Future missions to the planets and moons in our Solar System will require new technology. Missions with surface or atmospheric mobility or sample acquisition requirements will need advanced actuation technology to operate in the extreme environments found in the Solar System. Depending on the specific mission this technology may be required to withstand 10's of Kelvin environments or temperatures exceeding that of Venus (460°C). In addition the technology may have to withstand high radiation and corrosive environments and pressures ranging from high vacuum to 100's of MPa. These challenging mission requirements push the limit in performance even under terrestrial conditions. Motors for mobility platforms, deployment devices or actuators for sampling tools are required that can operate reliably and deliver substantial torque and power. These devices must be lightweight, compact and operate effectively under extreme conditions.
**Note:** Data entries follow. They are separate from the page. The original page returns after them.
lemma sorted_block_blockwise_sorted:
  assumes b: "blockwise_sorted r mu l" and lr: "length l = r" and cn: "psum mu n = r" and t: "1 \<le> t" "t \<le> n"
  shows "sorted (block mu t l)"
  unfolding sorted_iff_nth_Suc
proof (intro allI impI)
  fix p assume p: "Suc p < length (block mu t l)"
  obtain t' where t': "t = Suc t'" using t by (cases t) auto
  let ?c = "psum mu t'"
  have bt: "block mu t l = take (mu t) (drop ?c l)" using block_psum[OF t(1)] t' by simp
  have ct: "psum mu t = ?c + mu t" using psum_Suc[of mu t'] t' by simp
  have ctr: "psum mu t \<le> r" using psum_mono[of t n mu] t cn by simp
  have pm: "Suc p < mu t" using p bt by simp
  have c_le: "?c \<le> length l" using p bt by auto
  have nth1: "block mu t l ! p = l ! (?c + p)" "block mu t l ! Suc p = l ! (?c + Suc p)"
    using p bt c_le by simp_all
  let ?j = "?c + Suc p"
  have nc: "inner_pos mu ?j" unfolding inner_pos_def
  proof
    fix t''
    show "psum mu t'' \<noteq> ?j"
    proof (cases "t'' \<le> t'")
      case True then show ?thesis using psum_mono[OF True, of mu] by simp
    next
      case False then have "t \<le> t''" using t' by simp
      then show ?thesis using psum_mono[of t t'' mu] ct pm by simp
    qed
  qed
  have j1: "1 \<le> ?j" by simp
  have j2: "?j < r" using ct ctr pm by simp
  have "l ! (?j - 1) \<le> l ! ?j" using b j1 j2 nc unfolding blockwise_sorted_def by blast
  then show "block mu t l ! p \<le> block mu t l ! Suc p" using nth1 by simp
qed

lemma blockwise_sorted_unique:
  assumes l: "l \<in> words n r" and l': "l' \<in> words n r"
    and b: "blockwise_sorted r mu l" "blockwise_sorted r mu l'"
    and c: "word_matrix n mu l = word_matrix n mu l'" and cn: "psum mu n = r"
  shows "l = l'"
proof -
  have lw: "length l = r" "set l \<subseteq> {1..n}" "length l' = r" "set l' \<subseteq> {1..n}"
    using l l' by (auto simp: words_def)
  have block_eq: "block mu t l = block mu t l'" if t: "1 \<le> t" "t \<le> n" for t
    using sorted_mset_unique[OF sorted_block_blockwise_sorted[OF b(1) lw(1) cn t]
        sorted_block_blockwise_sorted[OF b(2) lw(3) cn t]
        mset_block_eq_if_word_matrix_eq[OF lw(2,4) c t]] .
  have "t \<le> n \<Longrightarrow> take (psum mu t) l = take (psum mu t) l'" for t
    by (induction t) (simp_all add: take_psum_Suc block_eq)
  then have "take r l = take r l'" using cn by (metis order_refl)
  then show ?thesis using lw by simp
qed

lemma word_matrix_invariant:
  assumes z: "\<And>j l. 1 \<le> j \<Longrightarrow> j < r \<Longrightarrow> inner_pos mu j \<Longrightarrow> l \<in> words n r \<Longrightarrow> l ! j < l ! (j - 1) \<Longrightarrow>
        z (adj_swap j l) = z l"
    and cn: "psum mu n = r"
    and l: "l \<in> words n r" and l': "l' \<in> words n r" and c: "word_matrix n mu l = word_matrix n mu l'"
  shows "z l = z l'"
proof -
  obtain m where m: "m \<in> words n r" "blockwise_sorted r mu m" "word_matrix n mu m = word_matrix n mu l" "z m = z l"
    using blockwise_sorted_exists[OF z l] by blast
  obtain m' where m': "m' \<in> words n r" "blockwise_sorted r mu m'" "word_matrix n mu m' = word_matrix n mu l'" "z m' = z l'"
    using blockwise_sorted_exists[OF z l'] by blast
  have "m = m'" using blockwise_sorted_unique[OF m(1) m'(1) m(2) m'(2) _ cn] m(3) m'(3) c by simp
  then show ?thesis using m m' by simp
qed

section \<open>The standard basis \<open>e\<^sub>A\<close>\<close>

lemma pi_act_yA_inner:
  assumes A: "A \<in> Mat n r" and j: "1 \<le> j" "j < r" "inner_pos (co n A) j"
  shows "pi_act j (yA n r A) = (\<lambda>_. 0)"
proof
  fix l
  show "pi_act j (yA n r A) l = 0"
  proof (cases "1 \<le> j \<and> j < length l \<and> l ! j < l ! (j - 1)")
    case True
    have "yA n r A (adj_swap j l) = yA n r A l"
      using True j adj_swap_words[of j r l n] word_matrix_adj_swap_inner[of "co n A" j l n]
      by (simp add: yA_word_matrix[OF A])
    then show ?thesis using True by (simp add: pi_act_def)
  qed (auto simp: pi_act_def)
qed

lemma cyclic_vector_yA:
  assumes A: "A \<in> Mat n r"
  shows "cyclic_vector n r (weight_word n A) (yA n r A)"
proof
  show "weight_word n A \<in> words n r" using weight_word_words[OF A] .
  show "sorted (weight_word n A)" by (rule sorted_sorted_word)
  show "supported n r (yA n r A)" by (simp add: supported_def yA_def)
  fix j assume j: "1 \<le> j" "j < r" "weight_word n A ! (j - 1) = weight_word n A ! j"
  have "length (weight_word n A) = r" using weight_word_words[OF A] by (simp add: length_words)
  then have "inner_pos (co n A) j"
    using j co_zero[OF A] by (intro inner_pos_sorted_word) auto
  then show "pi_act j (yA n r A) = (\<lambda>_. 0)" using pi_act_yA_inner[OF A] j by simp
qed

lemma eA_eq_ext_matrix:
  assumes A: "A \<in> Mat n r"
  shows "eA n r A = cyclic_vector.ext_matrix n r (weight_word n A) (yA n r A)"
proof -
  interpret cyclic_vector n r "weight_word n A" "yA n r A" by (rule cyclic_vector_yA[OF A])
  have weight: "mset k = mset (weight_word n A) \<longleftrightarrow> \<not> (\<exists>j\<in>{1..n}. content n k j \<noteq> co n A j)"
    if "k \<in> words n r" for k
    using mset_eq_sorted_word_iff[OF that] by blast
  show ?thesis unfolding eA_def
  proof (rule the_equality)
    show "is_H_endo n r ext_matrix \<and> (\<forall>l. ext_matrix l (weight_word n A) = yA n r A l) \<and>
        (\<forall>k\<in>words n r. (\<exists>j\<in>{1..n}. content n k j \<noteq> co n A j) \<longrightarrow> (\<forall>l. ext_matrix l k = 0))"
      using ext_matrix_H_endo ext_matrix_s ext_matrix_other_weight weight by blast
  next
    fix M
    assume "is_H_endo n r M \<and> (\<forall>l. M l (weight_word n A) = yA n r A l) \<and>
        (\<forall>k\<in>words n r. (\<exists>j\<in>{1..n}. content n k j \<noteq> co n A j) \<longrightarrow> (\<forall>l. M l k = 0))"
    then show "M = ext_matrix" using weight by (intro ext_matrix_unique) auto
  qed
qed

lemma eA_eq_equiv_ext:
  assumes A: "A \<in> Mat n r"
  shows "eA n r A l m = (if m \<in> words n r then equiv_ext (weight_word n A) (yA n r A) m l else 0)"
  using eA_eq_ext_matrix[OF A] cyclic_vector.ext_matrix_def[OF cyclic_vector_yA[OF A]] by simp

lemma eA_H_endo: "A \<in> Mat n r \<Longrightarrow> is_H_endo n r (eA n r A)"
  using eA_eq_ext_matrix cyclic_vector.ext_matrix_H_endo[OF cyclic_vector_yA] by simp

lemma eA_weight_word: "A \<in> Mat n r \<Longrightarrow> eA n r A l (weight_word n A) = yA n r A l"
  using eA_eq_ext_matrix cyclic_vector.ext_matrix_s[OF cyclic_vector_yA] by simp

lemma eA_other_weight:
  "A \<in> Mat n r \<Longrightarrow> mset m \<noteq> mset (weight_word n A) \<Longrightarrow> eA n r A l m = 0"
  using eA_eq_ext_matrix cyclic_vector.ext_matrix_other_weight[OF cyclic_vector_yA] by simp

lemma co_eqI: "A \<in> Mat n r \<Longrightarrow> C \<in> Mat n r \<Longrightarrow> (\<forall>j\<in>{1..n}. co n A j = co n C j) \<Longrightarrow> co n A = co n C"
  using co_zero[of A n r] co_zero[of C n r] by (auto simp: fun_eq_iff)

lemma co_eq_if_mset_weight_word:
  assumes A: "A \<in> Mat n r" and C: "C \<in> Mat n r" and m: "mset (weight_word n A) = mset (weight_word n C)"
  shows "co n A = co n C"
proof (rule co_eqI[OF A C], rule ballI)
  fix j assume "j \<in> {1..n}"
  then show "co n A j = co n C j" using arg_cong[OF m, of "\<lambda>M. count M j"] by (simp add: count_sorted_word)
qed

lemma eA_rep_word:
  assumes C: "C \<in> Mat n r" and C0: "C0 \<in> Mat n r"
  shows "eA n r C (rep_word n C0) (weight_word n C0) = (if C = C0 then 1 else 0)"
proof (cases "co n C = co n C0")
  case True
  have "eA n r C (rep_word n C0) (weight_word n C0) = yA n r C (rep_word n C0)" using eA_weight_word[OF C] True by simp
  also have "\<dots> = (if C = C0 then 1 else 0)"
    using yA_word_matrix[OF C] rep_word_words[OF C0] word_matrix_rep_word[OF C0] True by auto
  finally show ?thesis .
next
  case False
  then have "mset (weight_word n C0) \<noteq> mset (weight_word n C)" using co_eq_if_mset_weight_word[OF C0 C] by auto
  then have "eA n r C (rep_word n C0) (weight_word n C0) = 0" using eA_other_weight[OF C] by simp
  moreover have "C \<noteq> C0" using False by auto
  ultimately show ?thesis by simp
qed

lemma sum_eA_rep_word:
  assumes C0: "C0 \<in> Mat n r"
  shows "(\<Sum>C\<in>Mat n r. c C * eA n r C (rep_word n C0) (weight_word n C0)) = c C0"
proof -
  have "(\<Sum>C\<in>Mat n r. c C * eA n r C (rep_word n C0) (weight_word n C0)) = (\<Sum>C\<in>Mat n r. if C = C0 then c C else 0)"
    by (rule sum.cong) (auto simp: eA_rep_word C0)
  also have "\<dots> = c C0" using C0 by (simp add: sum.delta')
  finally show ?thesis .
qed

lemma coord_eqI:
  assumes z: "\<And>C. C \<notin> Mat n r \<Longrightarrow> c C = 0"
    and M: "M = (\<lambda>l m. \<Sum>C\<in>Mat n r. c C * eA n r C l m)"
  shows "coord n r M = c"
  unfolding coord_def
proof (rule the_equality)
  show "(\<forall>A. A \<notin> Mat n r \<longrightarrow> c A = 0) \<and> M = (\<lambda>l m. \<Sum>A\<in>Mat n r. c A * eA n r A l m)"
    using z M by blast
next
  fix c' assume a: "(\<forall>A. A \<notin> Mat n r \<longrightarrow> c' A = 0) \<and> M = (\<lambda>l m. \<Sum>A\<in>Mat n r. c' A * eA n r A l m)"
  show "c' = c"
  proof
    fix C0
    show "c' C0 = c C0"
    proof (cases "C0 \<in> Mat n r")
      case True
      have "M (rep_word n C0) (weight_word n C0) = c' C0" using a sum_eA_rep_word[OF True, of c'] by simp
      moreover have "M (rep_word n C0) (weight_word n C0) = c C0" using M sum_eA_rep_word[OF True, of c] by simp
      ultimately show ?thesis by simp
    next
      case False then show ?thesis using a z by simp
    qed
  qed
qed

lemma pi_act_rhov_yA_inner:
  assumes A: "A \<in> Mat n r" and g: "g \<in> gens n" and j: "1 \<le> j" "j < r" "inner_pos (co n A) j"
  shows "pi_act j (rhov n r g (yA n r A)) = (\<lambda>_. 0)"
proof -
  have "supported n r (yA n r A)" by (simp add: supported_def yA_def)
  then have "pi_act j (rhov n r g (yA n r A)) = rhov n r g (pi_act j (yA n r A))"
    using rhov_pi_act[OF g _ j(1,2)] by simp
  also have "\<dots> = (\<lambda>_. 0)" using pi_act_yA_inner[OF A j] by (simp add: rhov_def)
  finally show ?thesis .
qed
This paper will focus on a range of actuators based on electromechanical materials used for the applications discussed above and will present some of the challenges of developing these systems for space applications.

Paper Details

Date Published: 16 May 2005
PDF: 12 pages
Proc. SPIE 5761, Smart Structures and Materials 2005: Active Materials: Behavior and Mechanics, (16 May 2005); doi: 10.1117/12.606475
Show Author Affiliations
Stewart Sherrit, Jet Propulsion Lab. (United States)

Published in SPIE Proceedings Vol. 5761:
Smart Structures and Materials 2005: Active Materials: Behavior and Mechanics
William D. Armstrong, Editor(s)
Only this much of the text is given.